» **Aim of the exercise**: Among the records, which lines hold the word "also"? Pick them out.

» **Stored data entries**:
+---+
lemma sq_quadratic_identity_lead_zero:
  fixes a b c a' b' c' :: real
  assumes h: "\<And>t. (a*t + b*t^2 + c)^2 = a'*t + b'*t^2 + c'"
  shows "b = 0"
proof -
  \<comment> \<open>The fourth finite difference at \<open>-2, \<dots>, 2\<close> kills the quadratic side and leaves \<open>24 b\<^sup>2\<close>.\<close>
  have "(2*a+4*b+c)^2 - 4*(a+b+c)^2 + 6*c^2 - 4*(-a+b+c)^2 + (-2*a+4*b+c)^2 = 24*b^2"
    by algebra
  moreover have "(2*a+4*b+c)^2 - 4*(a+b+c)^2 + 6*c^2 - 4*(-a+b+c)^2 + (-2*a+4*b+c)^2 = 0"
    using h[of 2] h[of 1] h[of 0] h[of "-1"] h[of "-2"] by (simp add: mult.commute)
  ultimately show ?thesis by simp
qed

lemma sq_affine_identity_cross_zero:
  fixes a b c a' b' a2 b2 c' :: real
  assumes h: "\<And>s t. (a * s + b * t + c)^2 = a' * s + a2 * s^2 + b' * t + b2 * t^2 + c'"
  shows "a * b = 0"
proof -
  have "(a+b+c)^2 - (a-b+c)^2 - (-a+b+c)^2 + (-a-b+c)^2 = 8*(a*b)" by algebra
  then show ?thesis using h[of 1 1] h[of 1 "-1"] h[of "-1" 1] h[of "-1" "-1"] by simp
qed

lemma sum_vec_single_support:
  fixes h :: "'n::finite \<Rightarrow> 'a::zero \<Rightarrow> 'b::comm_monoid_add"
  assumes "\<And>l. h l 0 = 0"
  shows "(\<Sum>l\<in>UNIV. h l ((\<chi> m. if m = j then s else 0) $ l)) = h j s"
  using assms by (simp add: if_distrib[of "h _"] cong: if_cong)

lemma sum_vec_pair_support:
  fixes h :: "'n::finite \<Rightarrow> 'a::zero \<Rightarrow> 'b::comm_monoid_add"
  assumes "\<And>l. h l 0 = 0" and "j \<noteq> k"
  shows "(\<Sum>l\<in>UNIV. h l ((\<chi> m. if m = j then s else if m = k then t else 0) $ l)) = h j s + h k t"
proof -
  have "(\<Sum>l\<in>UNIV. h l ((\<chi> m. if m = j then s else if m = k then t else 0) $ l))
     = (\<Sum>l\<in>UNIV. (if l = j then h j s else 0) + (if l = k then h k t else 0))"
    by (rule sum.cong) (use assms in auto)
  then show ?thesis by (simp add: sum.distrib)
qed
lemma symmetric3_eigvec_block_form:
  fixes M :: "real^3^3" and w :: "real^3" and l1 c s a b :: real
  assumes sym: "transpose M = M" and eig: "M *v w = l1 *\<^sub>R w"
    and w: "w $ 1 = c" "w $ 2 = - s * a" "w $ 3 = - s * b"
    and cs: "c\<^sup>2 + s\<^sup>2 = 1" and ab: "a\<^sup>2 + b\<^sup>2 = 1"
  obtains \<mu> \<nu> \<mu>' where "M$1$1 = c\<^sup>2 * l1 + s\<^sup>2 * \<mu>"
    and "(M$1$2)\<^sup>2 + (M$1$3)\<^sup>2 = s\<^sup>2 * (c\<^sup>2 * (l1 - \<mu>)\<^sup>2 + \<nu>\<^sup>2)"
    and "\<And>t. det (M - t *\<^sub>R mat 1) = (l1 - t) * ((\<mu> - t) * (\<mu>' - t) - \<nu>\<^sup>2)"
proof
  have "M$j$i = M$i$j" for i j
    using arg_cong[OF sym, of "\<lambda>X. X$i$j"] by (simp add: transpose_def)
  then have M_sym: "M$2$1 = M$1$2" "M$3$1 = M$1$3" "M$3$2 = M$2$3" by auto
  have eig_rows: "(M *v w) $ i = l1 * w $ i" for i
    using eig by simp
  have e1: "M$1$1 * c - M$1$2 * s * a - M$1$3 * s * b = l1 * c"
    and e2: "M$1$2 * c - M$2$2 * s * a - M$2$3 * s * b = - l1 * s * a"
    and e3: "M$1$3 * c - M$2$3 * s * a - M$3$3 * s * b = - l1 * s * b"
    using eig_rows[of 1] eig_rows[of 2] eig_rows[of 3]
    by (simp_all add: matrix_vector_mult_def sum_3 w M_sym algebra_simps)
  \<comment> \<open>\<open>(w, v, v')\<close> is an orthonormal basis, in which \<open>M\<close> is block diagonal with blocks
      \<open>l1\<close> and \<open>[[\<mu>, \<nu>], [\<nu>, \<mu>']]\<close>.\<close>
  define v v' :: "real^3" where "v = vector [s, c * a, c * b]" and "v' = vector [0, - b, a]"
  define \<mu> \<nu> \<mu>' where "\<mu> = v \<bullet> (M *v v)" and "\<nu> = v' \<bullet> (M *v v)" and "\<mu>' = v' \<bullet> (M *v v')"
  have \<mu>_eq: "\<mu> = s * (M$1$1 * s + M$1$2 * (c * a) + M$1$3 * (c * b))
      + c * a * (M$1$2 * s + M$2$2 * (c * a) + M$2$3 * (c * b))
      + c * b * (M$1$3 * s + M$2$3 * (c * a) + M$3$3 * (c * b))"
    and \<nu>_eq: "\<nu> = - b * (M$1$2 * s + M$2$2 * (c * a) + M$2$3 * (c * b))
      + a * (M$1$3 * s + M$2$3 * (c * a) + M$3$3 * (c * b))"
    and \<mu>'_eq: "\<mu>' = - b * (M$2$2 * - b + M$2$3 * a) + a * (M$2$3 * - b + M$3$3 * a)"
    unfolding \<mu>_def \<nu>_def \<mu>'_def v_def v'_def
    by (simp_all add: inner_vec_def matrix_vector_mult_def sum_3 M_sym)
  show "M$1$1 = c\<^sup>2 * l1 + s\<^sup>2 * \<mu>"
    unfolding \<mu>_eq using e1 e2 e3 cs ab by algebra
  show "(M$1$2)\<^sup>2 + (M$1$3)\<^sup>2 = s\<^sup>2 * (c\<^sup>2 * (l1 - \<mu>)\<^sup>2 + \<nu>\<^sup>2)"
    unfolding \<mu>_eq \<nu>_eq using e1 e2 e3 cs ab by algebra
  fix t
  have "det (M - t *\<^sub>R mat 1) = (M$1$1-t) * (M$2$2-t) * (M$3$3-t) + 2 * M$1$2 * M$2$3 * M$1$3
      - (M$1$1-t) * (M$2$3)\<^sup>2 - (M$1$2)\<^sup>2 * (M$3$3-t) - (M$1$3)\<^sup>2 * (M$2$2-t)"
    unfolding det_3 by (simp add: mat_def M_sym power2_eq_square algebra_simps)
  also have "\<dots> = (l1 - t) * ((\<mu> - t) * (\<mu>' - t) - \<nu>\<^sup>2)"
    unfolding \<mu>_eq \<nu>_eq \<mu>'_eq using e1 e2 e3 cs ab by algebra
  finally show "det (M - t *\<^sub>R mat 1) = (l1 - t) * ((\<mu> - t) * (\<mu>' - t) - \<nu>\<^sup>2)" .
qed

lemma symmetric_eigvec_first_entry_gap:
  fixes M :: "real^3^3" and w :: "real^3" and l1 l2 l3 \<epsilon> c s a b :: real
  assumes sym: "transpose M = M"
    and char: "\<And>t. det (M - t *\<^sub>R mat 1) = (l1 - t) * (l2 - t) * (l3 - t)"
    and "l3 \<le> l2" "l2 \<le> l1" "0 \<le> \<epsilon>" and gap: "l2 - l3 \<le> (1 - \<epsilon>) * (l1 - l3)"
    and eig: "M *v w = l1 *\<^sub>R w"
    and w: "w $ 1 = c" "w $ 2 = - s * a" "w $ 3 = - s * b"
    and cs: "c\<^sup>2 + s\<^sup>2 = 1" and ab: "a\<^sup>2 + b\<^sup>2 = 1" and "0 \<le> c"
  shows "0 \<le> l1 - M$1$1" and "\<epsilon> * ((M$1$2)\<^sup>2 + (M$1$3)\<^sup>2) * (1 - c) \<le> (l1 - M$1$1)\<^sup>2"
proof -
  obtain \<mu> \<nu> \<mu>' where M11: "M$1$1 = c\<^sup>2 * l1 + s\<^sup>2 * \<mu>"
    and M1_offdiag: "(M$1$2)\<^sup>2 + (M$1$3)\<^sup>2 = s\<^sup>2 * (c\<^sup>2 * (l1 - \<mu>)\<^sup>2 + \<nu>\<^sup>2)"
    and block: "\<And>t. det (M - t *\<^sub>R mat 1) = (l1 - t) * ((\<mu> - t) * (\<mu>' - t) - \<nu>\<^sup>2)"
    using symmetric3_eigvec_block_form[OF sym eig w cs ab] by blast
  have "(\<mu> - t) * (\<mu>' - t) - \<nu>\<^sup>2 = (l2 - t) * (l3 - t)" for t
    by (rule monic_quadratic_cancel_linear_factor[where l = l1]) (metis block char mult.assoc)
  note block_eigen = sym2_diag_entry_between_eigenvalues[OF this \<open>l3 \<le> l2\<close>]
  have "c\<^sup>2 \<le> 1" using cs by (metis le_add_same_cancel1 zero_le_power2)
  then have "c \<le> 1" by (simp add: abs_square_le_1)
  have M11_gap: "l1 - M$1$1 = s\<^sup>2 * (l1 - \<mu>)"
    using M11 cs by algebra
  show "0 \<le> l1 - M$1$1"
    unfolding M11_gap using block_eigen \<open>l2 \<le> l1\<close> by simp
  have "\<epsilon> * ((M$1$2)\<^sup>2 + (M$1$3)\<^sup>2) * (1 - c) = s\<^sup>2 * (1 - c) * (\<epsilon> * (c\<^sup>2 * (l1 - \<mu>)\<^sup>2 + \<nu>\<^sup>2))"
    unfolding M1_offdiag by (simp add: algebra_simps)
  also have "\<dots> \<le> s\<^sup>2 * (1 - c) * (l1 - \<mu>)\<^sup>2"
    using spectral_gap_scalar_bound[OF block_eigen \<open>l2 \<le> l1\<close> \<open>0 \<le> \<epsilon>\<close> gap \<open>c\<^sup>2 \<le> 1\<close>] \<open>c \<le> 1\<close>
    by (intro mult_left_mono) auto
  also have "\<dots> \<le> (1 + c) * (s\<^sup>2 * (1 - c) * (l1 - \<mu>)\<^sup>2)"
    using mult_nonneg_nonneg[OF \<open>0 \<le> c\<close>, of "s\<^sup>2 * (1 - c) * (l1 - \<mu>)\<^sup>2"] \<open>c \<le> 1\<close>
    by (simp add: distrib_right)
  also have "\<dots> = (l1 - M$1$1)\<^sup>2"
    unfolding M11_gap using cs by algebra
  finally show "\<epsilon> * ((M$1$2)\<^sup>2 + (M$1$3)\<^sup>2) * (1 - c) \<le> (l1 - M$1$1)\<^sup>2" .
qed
+---+
» **Written solution**:
  also have "\<dots> = (l1 - t) * ((\<mu> - t) * (\<mu>' - t) - \<nu>\<^sup>2)"
  also have "\<dots> \<le> s\<^sup>2 * (1 - c) * (l1 - \<mu>)\<^sup>2"
  also have "\<dots> \<le> (1 + c) * (s\<^sup>2 * (1 - c) * (l1 - \<mu>)\<^sup>2)"
  also have "\<dots> = (l1 - M$1$1)\<^sup>2"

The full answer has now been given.